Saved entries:
(* Let $B$ be a composite fluid-solid earth model, $I=[t_0,t_1]$, $\varphi\in\mathcal{A}(\overline B\times I)$, and let $\rho^s$ satisfy $\rho^s_t\in L^\infty(\varphi_t(B))$ for almost all $t$ together with conservation of mass (for $V=B^S$ and $V=B^F$: $\int_{\varphi_{t'}(A)}\rho^s_{t'}dV=\int_{\varphi_{t''}(A)}\rho^s_{t''}dV$ for all open $A\subseteq V$ and a.a. $t',t''$). Let $f_t\in L^\infty(B)$ and $f^s_t=f_t\circ\varphi_t^{-1}$. Then $$\int_{\varphi_t(A)}f^s_t\,\rho^s_t\,dV=\int_A f_t\,\rho^0\,dV$$ for all Lipschitz domains $A\subseteq B$ and almost all $t\in I$.
   Context: A composite fluid-solid earth model is a Lipschitz domain $B\subseteq\mathbb{R}^3$ that is the disjoint union of pairwise disjoint fluid and solid Lipschitz domains $V^F_k,V^S_k$ (forming a Lipschitz-composite domain) and their interior boundary $\Sigma$; $B^S=(\bigcup_k\overline{V^S_k})^\circ$, $B^F=(\bigcup_k\overline{V^F_k})^\circ$, $\Sigma^{FS}$ the fluid-solid part of $\Sigma$. $\mathrm{Reg}^+_{\mathrm{Lip}}(\overline V\times I)$ is the set of $\psi\in\mathrm{Lip}(\overline V\times I)^3$ with $\psi_{t_0}=\mathrm{Id}$ such that for all $t$: $\psi_t(V)$ open, $\psi_t(\overline V)$ closed, $\psi_t$ injective with Lipschitz inverse on $\psi_t(\overline V)$, $\det\nabla\psi_t>0$ a.e. The admissible motions $\mathcal{A}(\overline B\times I)$ are the $\varphi\in\mathcal{C}^0(I,L^\infty(B))^3$ with $\varphi_{t_0}=\mathrm{Id}$ such that: $\varphi_t(\overline B)$ is homeomorphic to $\overline B$ and $\bigcup_t\varphi_t(B)$ is bounded; the restrictions to $B^S\times I$, $B^F\times I$ extend to elements of $\mathrm{Reg}^+_{\mathrm{Lip}}$ of the respective closures; $\varphi_t(B^S)\cap\varphi_t(B^F)=\emptyset$; and for a.e. $t$, $[v^s_t]_-^+\cdot\nu^s_t=0$ on $\varphi_t(\Sigma^{FS})$ ($v^s_t=\partial_t\varphi_t\circ\varphi_t^{-1}$, $\nu^s_t$ the unit normal). Material density $\rho_t=\rho^s_t\circ\varphi_t$, $\rho^0=\rho_{t_0}$.
   Formalization: The exceptional null sets of times in conservation of mass and in $\rho^s_t\in L^\infty(\varphi_t(B))$ exclude $t_0$, and on $\overline B$ outside $B^S\cup B^F$, $\varphi_t$ agrees with the extension from $B^S$ or from $B^F$. Each condition added here is assumed in the paper as well or is needed for the statement above to hold. *)

theory Defs
  imports "HOL-Analysis.Analysis"
begin

definition lipschitz_domain :: "(real^3) set \<Rightarrow> bool" where
  "lipschitz_domain V \<longleftrightarrow>
     open V \<and> bounded V \<and> connected V \<and> V \<noteq> {} \<and>
     (\<forall>p\<in>frontier V. \<exists>(Q::real^3 \<Rightarrow> real^3) r h L (g::real \<times> real \<Rightarrow> real).
        orthogonal_transformation Q \<and> r > 0 \<and> h > 0 \<and>
        L-lipschitz_on UNIV g \<and> g (0, 0) = 0 \<and>
        (\<forall>a b. norm (a, b) < r \<longrightarrow> \<bar>g (a, b)\<bar> < h) \<and>
        (\<forall>x. let y = Q (x - p) in
              (norm (y$1, y$2) < r \<and> \<bar>y$3\<bar> < h) \<longrightarrow>
              (x \<in> V \<longleftrightarrow> y$3 < g (y$1, y$2))))"

definition interior_boundary ::
  "(real^3) set \<Rightarrow> nat set \<Rightarrow> (nat \<Rightarrow> (real^3) set) \<Rightarrow> nat set \<Rightarrow> (nat \<Rightarrow> (real^3) set)
   \<Rightarrow> (real^3) set" where
  "interior_boundary B KF VF KS VS =
     B \<inter> ((\<Union>k\<in>KF. frontier (VF k)) \<union> (\<Union>k\<in>KS. frontier (VS k)))"

definition fluid_solid_boundary ::
  "(real^3) set \<Rightarrow> nat set \<Rightarrow> (nat \<Rightarrow> (real^3) set) \<Rightarrow> nat set \<Rightarrow> (nat \<Rightarrow> (real^3) set)
   \<Rightarrow> (real^3) set" where
  "fluid_solid_boundary B KF VF KS VS =
     interior_boundary B KF VF KS VS \<inter> (\<Union>k\<in>KF. frontier (VF k)) \<inter> (\<Union>k\<in>KS. frontier (VS k))"

definition region_union :: "nat set \<Rightarrow> (nat \<Rightarrow> (real^3) set) \<Rightarrow> (real^3) set" where
  "region_union K V = interior (\<Union>k\<in>K. closure (V k))"

definition composite_earth_model ::
  "(real^3) set \<Rightarrow> nat set \<Rightarrow> (nat \<Rightarrow> (real^3) set) \<Rightarrow> nat set \<Rightarrow> (nat \<Rightarrow> (real^3) set) \<Rightarrow> bool" where
  "composite_earth_model B KF VF KS VS \<longleftrightarrow>
     lipschitz_domain B \<and> finite KF \<and> finite KS \<and>
     (\<forall>k\<in>KF. lipschitz_domain (VF k)) \<and> (\<forall>k\<in>KS. lipschitz_domain (VS k)) \<and>
     (\<forall>k\<in>KF. \<forall>k'\<in>KF. k \<noteq> k' \<longrightarrow> VF k \<inter> VF k' = {}) \<and>
     (\<forall>k\<in>KS. \<forall>k'\<in>KS. k \<noteq> k' \<longrightarrow> VS k \<inter> VS k' = {}) \<and>
     (\<forall>k\<in>KF. \<forall>k'\<in>KS. VF k \<inter> VS k' = {}) \<and>
     B = (\<Union>k\<in>KF. VF k) \<union> (\<Union>k\<in>KS. VS k) \<union> interior_boundary B KF VF KS VS"

definition in_Linf :: "(real^3) set \<Rightarrow> (real^3 \<Rightarrow> 'b::real_normed_vector) \<Rightarrow> bool" where
  "in_Linf S g \<longleftrightarrow> g \<in> borel_measurable (lebesgue_on S) \<and>
     (\<exists>C. AE x in lebesgue. x \<in> S \<longrightarrow> norm (g x) \<le> C)"

definition cont_Linf :: "(real^3) set \<Rightarrow> real set \<Rightarrow> (real \<Rightarrow> real^3 \<Rightarrow> real^3) \<Rightarrow> bool" where
  "cont_Linf S I \<phi> \<longleftrightarrow> (\<forall>t\<in>I. in_Linf S (\<phi> t)) \<and>
     (\<forall>t\<in>I. \<forall>e>0. \<exists>d>0. \<forall>s\<in>I. \<bar>s - t\<bar> < d \<longrightarrow>
        (AE x in lebesgue. x \<in> S \<longrightarrow> norm (\<phi> s x - \<phi> t x) \<le> e))"

definition reg_lip_pos :: "(real^3) set \<Rightarrow> real set \<Rightarrow> real \<Rightarrow> (real \<Rightarrow> real^3 \<Rightarrow> real^3) \<Rightarrow> bool" where
  "reg_lip_pos V I t0 \<psi> \<longleftrightarrow>
     (\<exists>L. L-lipschitz_on (closure V \<times> I) (\<lambda>(x, t). \<psi> t x)) \<and>
     (\<forall>x\<in>closure V. \<psi> t0 x = x) \<and>
     (\<forall>t\<in>I. open (\<psi> t ` V) \<and> closed (\<psi> t ` closure V) \<and> inj_on (\<psi> t) (closure V) \<and>
        (\<exists>L. L-lipschitz_on (\<psi> t ` closure V) (inv_into (closure V) (\<psi> t))) \<and>
        (AE x in lebesgue. x \<in> V \<longrightarrow>
           (\<exists>D. (\<psi> t has_derivative D) (at x) \<and> det (matrix D) > 0)))"

definition H2_null :: "(real^3) set \<Rightarrow> bool" where
  "H2_null N \<longleftrightarrow> (\<forall>e>0. \<exists>C :: nat \<Rightarrow> (real^3) set.
     N \<subseteq> (\<Union>i. C i) \<and> (\<forall>i. bounded (C i)) \<and>
     summable (\<lambda>i. diameter (C i) ^ 2) \<and> (\<Sum>i. diameter (C i) ^ 2) < e)"

text \<open>nu is a unit normal of the surface S at y (S has the tangent plane nu-perp at y).\<close>
definition unit_normal :: "(real^3) set \<Rightarrow> real^3 \<Rightarrow> real^3 \<Rightarrow> bool" where
  "unit_normal S y \<nu> \<longleftrightarrow> y \<in> S \<and> norm \<nu> = 1 \<and>
     ((\<lambda>z. ((z - y) /\<^sub>R norm (z - y)) \<bullet> \<nu>) \<longlongrightarrow> 0) (at y within S)"

text \<open>Continuity of the normal velocity across the (deformed) fluid-solid boundary S at
time t: H2-a.e. on S, the jump of the velocity (solid side minus fluid side) is tangential.
The one-sided velocities are the time derivatives of the Lipschitz extensions.\<close>
definition normal_jump_zero ::
  "(real^3) set \<Rightarrow> real set \<Rightarrow> real \<Rightarrow> (real \<Rightarrow> real^3 \<Rightarrow> real^3) \<Rightarrow> (real^3) set
   \<Rightarrow> (real \<Rightarrow> real^3 \<Rightarrow> real^3) \<Rightarrow> (real^3) set \<Rightarrow> bool" where
  "normal_jump_zero S I t \<psi>S XS \<psi>F XF \<longleftrightarrow> (\<exists>N. H2_null N \<and>
     (\<forall>y\<in>S - N. \<forall>xs\<in>XS. \<forall>xf\<in>XF. \<forall>a b \<nu>.
        \<psi>S t xs = y \<longrightarrow> \<psi>F t xf = y \<longrightarrow>
        ((\<lambda>s. \<psi>S s xs) has_vector_derivative a) (at t within I) \<longrightarrow>
        ((\<lambda>s. \<psi>F s xf) has_vector_derivative b) (at t within I) \<longrightarrow>
        unit_normal S y \<nu> \<longrightarrow> (a - b) \<bullet> \<nu> = 0))"

definition admissible ::
  "(real^3) set \<Rightarrow> nat set \<Rightarrow> (nat \<Rightarrow> (real^3) set) \<Rightarrow> nat set \<Rightarrow> (nat \<Rightarrow> (real^3) set)
   \<Rightarrow> real set \<Rightarrow> real \<Rightarrow> (real \<Rightarrow> real^3 \<Rightarrow> real^3) \<Rightarrow> bool" where
  "admissible B KF VF KS VS I t0 \<phi> \<longleftrightarrow>
     (let BS = region_union KS VS; BF = region_union KF VF;
          \<Sigma>FS = fluid_solid_boundary B KF VF KS VS in
     cont_Linf B I \<phi> \<and> (\<forall>x\<in>B. \<phi> t0 x = x) \<and>
     (\<forall>t\<in>I. (\<phi> t ` closure B) homeomorphic (closure B)) \<and>
     bounded (\<Union>t\<in>I. \<phi> t ` B) \<and>
     (\<forall>t\<in>I. \<phi> t ` BS \<inter> \<phi> t ` BF = {}) \<and>
     (\<exists>\<psi>S \<psi>F. reg_lip_pos BS I t0 \<psi>S \<and> reg_lip_pos BF I t0 \<psi>F \<and>
        (\<forall>t\<in>I. \<forall>x\<in>BS. \<phi> t x = \<psi>S t x) \<and>
        (\<forall>t\<in>I. \<forall>x\<in>BF. \<phi> t x = \<psi>F t x) \<and>
        (\<forall>t\<in>I. \<forall>x\<in>closure B - (BS \<union> BF).
           (x \<in> closure BS \<and> \<phi> t x = \<psi>S t x) \<or> (x \<in> closure BF \<and> \<phi> t x = \<psi>F t x)) \<and>
        (AE t in lebesgue. t \<in> I \<longrightarrow>
           normal_jump_zero (\<phi> t ` \<Sigma>FS) I t \<psi>S (closure BS) \<psi>F (closure BF))))"

definition mass_conserved ::
  "(real^3) set \<Rightarrow> real set \<Rightarrow> real \<Rightarrow> (real \<Rightarrow> real^3 \<Rightarrow> real^3) \<Rightarrow> (real \<Rightarrow> real^3 \<Rightarrow> real) \<Rightarrow> bool"
  where
  "mass_conserved V I t0 \<phi> \<rho>s \<longleftrightarrow>
     (\<forall>A. open A \<and> A \<subseteq> V \<longrightarrow>
        (\<exists>N. N \<in> null_sets lebesgue \<and> t0 \<notin> N \<and>
           (\<forall>t'\<in>I - N. \<forall>t''\<in>I - N.
              (LINT y:\<phi> t' ` A|lebesgue. \<rho>s t' y) = (LINT y:\<phi> t'' ` A|lebesgue. \<rho>s t'' y))))"

end

theory Submission
  imports Defs
begin

text \<open>On the solid and on the fluid region the motion at a fixed time is an injective Lipschitz map
  \<open>\<psi>\<close>, differentiable almost everywhere, so the change of variables formula applies to it.
  Conservation of mass on the countably many open sets cut out of a region by rational boxes holds
  simultaneously for almost every time; by change of variables \<open>|det D\<psi>| \<rho>\<^sub>t \<circ> \<psi>\<close> and
  \<open>\<rho>\<^sup>0\<close> then have equal integrals over all these sets, so they agree almost everywhere, and a
  second change of variables transports \<open>f\<^sub>t \<rho>\<^sup>0\<close> to \<open>f\<^sup>s\<^sub>t \<rho>\<^sub>t\<close> on each region.
  The rest of the body is a finite union of Lipschitz boundaries, which is negligible and stays
  negligible under the Lipschitz motion, so the two regional identities add up.\<close>

section \<open>Lipschitz images and boundaries of Lipschitz domains\<close>

lemma negligible_lipschitz_image:
  fixes g :: "'a::euclidean_space \<Rightarrow> 'a"
  assumes "L-lipschitz_on S g" "negligible N" "N \<subseteq> S"
  shows "negligible (g ` N)"
proof (rule negligible_locally_Lipschitz_image[OF order_refl assms(2)])
  fix x assume "x \<in> N"
  then show "\<exists>T B. open T \<and> x \<in> T \<and> (\<forall>y\<in>N \<inter> T. norm (g y - g x) \<le> B * norm (y - x))"
    using assms(1,3) by (intro exI[of _ UNIV] exI[of _ L]) (auto simp: lipschitz_on_def dist_norm)
qed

▸ **Required action**:
Out of the data above, return each line where the word "lambda" can be found.

▸ **Exercise response**:
     (\<exists>L. L-lipschitz_on (closure V \<times> I) (\<lambda>(x, t). \<psi> t x)) \<and>
     summable (\<lambda>i. diameter (C i) ^ 2) \<and> (\<Sum>i. diameter (C i) ^ 2) < e)"
     ((\<lambda>z. ((z - y) /\<^sub>R norm (z - y)) \<bullet> \<nu>) \<longlongrightarrow> 0) (at y within S)"
        ((\<lambda>s. \<psi>S s xs) has_vector_derivative a) (at t within I) \<longrightarrow>
        ((\<lambda>s. \<psi>F s xf) has_vector_derivative b) (at t within I) \<longrightarrow>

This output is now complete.